• _Try it_:
Using the data below, repeat all of it precisely.

• _Provided entries_:
text \<open>The angle \<open>-\<phi>\<close> undoes the kick by \<open>\<phi>\<close> on a target that started in \<open>|0\<rangle>\<close>.\<close>

lemma kick_inverse:
  "kick (-\<phi>) y False * kick \<phi> False False + kick (-\<phi>) y True * kick \<phi> True False = (if y then 0 else 1)"
proof -
  have c: "cis (-\<phi>) * cis \<phi> = 1" by (simp add: cis_mult)
  have "(1 + a) * (1 + b) + (1 - a) * (1 - b) = 2 + 2 * (a * b)"
    and "(1 - a) * (1 + b) + (1 + a) * (1 - b) = 2 - 2 * (a * b)" for a b :: complex
    by (simp_all add: algebra_simps)
  from this[of "cis (-\<phi>)" "cis \<phi>"] c show ?thesis
    by (cases y) (simp_all add: kick_def bool_sign_def field_simps)
qed

lemma exists_pow2_mult_odd: "0 < (w::nat) \<Longrightarrow> \<exists>v d. w = 2 ^ v * d \<and> odd d"
proof (induction w rule: less_induct)
  case (less w)
  show ?case
  proof (cases "odd w")
    case False
    then obtain u where u: "w = 2 * u" by (auto elim: evenE)
    moreover have "0 < u" "u < w" using u less.prems by auto
    ultimately obtain v d where "u = 2 ^ v * d" "odd d" using less.IH by blast
    then show ?thesis using u by (intro exI[of _ "Suc v"] exI[of _ d]) simp
  qed (intro exI[of _ 0] exI[of _ w], simp)
qed

lemma sum_lessThan_double: "(\<Sum>t<2 * M. g t) = (\<Sum>t<M. g (2 * t) + g (2 * t + 1))"
  for g :: "nat \<Rightarrow> 'a::comm_monoid_add"
  by (induction M) (simp_all add: add.assoc)

lemma sum_pow2_prod_bit:
  fixes f :: "nat \<Rightarrow> bool \<Rightarrow> 'a::comm_semiring_1"
  shows "(\<Sum>t<(2::nat) ^ m. \<Prod>k<m. f k (bit t k)) = (\<Prod>k<m. f k False + f k True)"
proof (induction m arbitrary: f)
  case (Suc m)
  have "(\<Sum>t<(2::nat) ^ Suc m. \<Prod>k<Suc m. f k (bit t k))
      = (\<Sum>t<(2::nat) * 2 ^ m. f 0 (odd t) * (\<Prod>k<m. f (Suc k) (bit (t div 2) k)))"
    by (simp only: power_Suc prod.lessThan_Suc_shift bit_0 bit_Suc)
  also have "\<dots> = (f 0 False + f 0 True) * (\<Sum>t<(2::nat) ^ m. \<Prod>k<m. f (Suc k) (bit t k))"
    unfolding sum_lessThan_double by (simp add: algebra_simps sum_distrib_left sum.distrib)
  finally show ?case by (simp only: Suc.IH[of "\<lambda>k. f (Suc k)"] prod.lessThan_Suc_shift)
qed simp

text \<open>The parity of \<open>masked_popcount m s t\<close> is the inner product of \<open>t\<close> and \<open>s\<close> over GF(2).\<close>

definition masked_popcount :: "nat \<Rightarrow> (nat \<Rightarrow> bool) \<Rightarrow> nat \<Rightarrow> nat" where
  "masked_popcount m s t = (\<Sum>k<m. if bit t k \<and> s k then 1 else 0)"

lemma sum_minus_one_power_masked_popcount:
  "(\<Sum>t<(2::nat) ^ m. (-1::real) ^ masked_popcount m s t) = (if \<exists>k<m. s k then 0 else 2 ^ m)"
proof -
  have "(\<Sum>t<(2::nat) ^ m. (-1::real) ^ masked_popcount m s t)
      = (\<Sum>t<(2::nat) ^ m. \<Prod>k<m. (\<lambda>k b. if b \<and> s k then -1 else (1::real)) k (bit t k))"
    unfolding masked_popcount_def power_sum by (intro sum.cong prod.cong refl) auto
  also have "\<dots> = (\<Prod>k<m. 1 + (if s k then -1 else 1))"
    by (subst sum_pow2_prod_bit) simp
  also have "\<dots> = (if \<exists>k<m. s k then 0 else 2 ^ m)"
    by (auto intro: prod_zero)
  finally show ?thesis .
qed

• _Expected answer_:
text \<open>The angle \<open>-\<phi>\<close> undoes the kick by \<open>\<phi>\<close> on a target that started in \<open>|0\<rangle>\<close>.\<close>

lemma kick_inverse:
  "kick (-\<phi>) y False * kick \<phi> False False + kick (-\<phi>) y True * kick \<phi> True False = (if y then 0 else 1)"
proof -
  have c: "cis (-\<phi>) * cis \<phi> = 1" by (simp add: cis_mult)
  have "(1 + a) * (1 + b) + (1 - a) * (1 - b) = 2 + 2 * (a * b)"
    and "(1 - a) * (1 + b) + (1 + a) * (1 - b) = 2 - 2 * (a * b)" for a b :: complex
    by (simp_all add: algebra_simps)
  from this[of "cis (-\<phi>)" "cis \<phi>"] c show ?thesis
    by (cases y) (simp_all add: kick_def bool_sign_def field_simps)
qed

lemma exists_pow2_mult_odd: "0 < (w::nat) \<Longrightarrow> \<exists>v d. w = 2 ^ v * d \<and> odd d"
proof (induction w rule: less_induct)
  case (less w)
  show ?case
  proof (cases "odd w")
    case False
    then obtain u where u: "w = 2 * u" by (auto elim: evenE)
    moreover have "0 < u" "u < w" using u less.prems by auto
    ultimately obtain v d where "u = 2 ^ v * d" "odd d" using less.IH by blast
    then show ?thesis using u by (intro exI[of _ "Suc v"] exI[of _ d]) simp
  qed (intro exI[of _ 0] exI[of _ w], simp)
qed

lemma sum_lessThan_double: "(\<Sum>t<2 * M. g t) = (\<Sum>t<M. g (2 * t) + g (2 * t + 1))"
  for g :: "nat \<Rightarrow> 'a::comm_monoid_add"
  by (induction M) (simp_all add: add.assoc)

lemma sum_pow2_prod_bit:
  fixes f :: "nat \<Rightarrow> bool \<Rightarrow> 'a::comm_semiring_1"
  shows "(\<Sum>t<(2::nat) ^ m. \<Prod>k<m. f k (bit t k)) = (\<Prod>k<m. f k False + f k True)"
proof (induction m arbitrary: f)
  case (Suc m)
  have "(\<Sum>t<(2::nat) ^ Suc m. \<Prod>k<Suc m. f k (bit t k))
      = (\<Sum>t<(2::nat) * 2 ^ m. f 0 (odd t) * (\<Prod>k<m. f (Suc k) (bit (t div 2) k)))"
    by (simp only: power_Suc prod.lessThan_Suc_shift bit_0 bit_Suc)
  also have "\<dots> = (f 0 False + f 0 True) * (\<Sum>t<(2::nat) ^ m. \<Prod>k<m. f (Suc k) (bit t k))"
    unfolding sum_lessThan_double by (simp add: algebra_simps sum_distrib_left sum.distrib)
  finally show ?case by (simp only: Suc.IH[of "\<lambda>k. f (Suc k)"] prod.lessThan_Suc_shift)
qed simp

text \<open>The parity of \<open>masked_popcount m s t\<close> is the inner product of \<open>t\<close> and \<open>s\<close> over GF(2).\<close>

definition masked_popcount :: "nat \<Rightarrow> (nat \<Rightarrow> bool) \<Rightarrow> nat \<Rightarrow> nat" where
  "masked_popcount m s t = (\<Sum>k<m. if bit t k \<and> s k then 1 else 0)"

lemma sum_minus_one_power_masked_popcount:
  "(\<Sum>t<(2::nat) ^ m. (-1::real) ^ masked_popcount m s t) = (if \<exists>k<m. s k then 0 else 2 ^ m)"
proof -
  have "(\<Sum>t<(2::nat) ^ m. (-1::real) ^ masked_popcount m s t)
      = (\<Sum>t<(2::nat) ^ m. \<Prod>k<m. (\<lambda>k b. if b \<and> s k then -1 else (1::real)) k (bit t k))"
    unfolding masked_popcount_def power_sum by (intro sum.cong prod.cong refl) auto
  also have "\<dots> = (\<Prod>k<m. 1 + (if s k then -1 else 1))"
    by (subst sum_pow2_prod_bit) simp
  also have "\<dots> = (if \<exists>k<m. s k then 0 else 2 ^ m)"
    by (auto intro: prod_zero)
  finally show ?thesis .
qed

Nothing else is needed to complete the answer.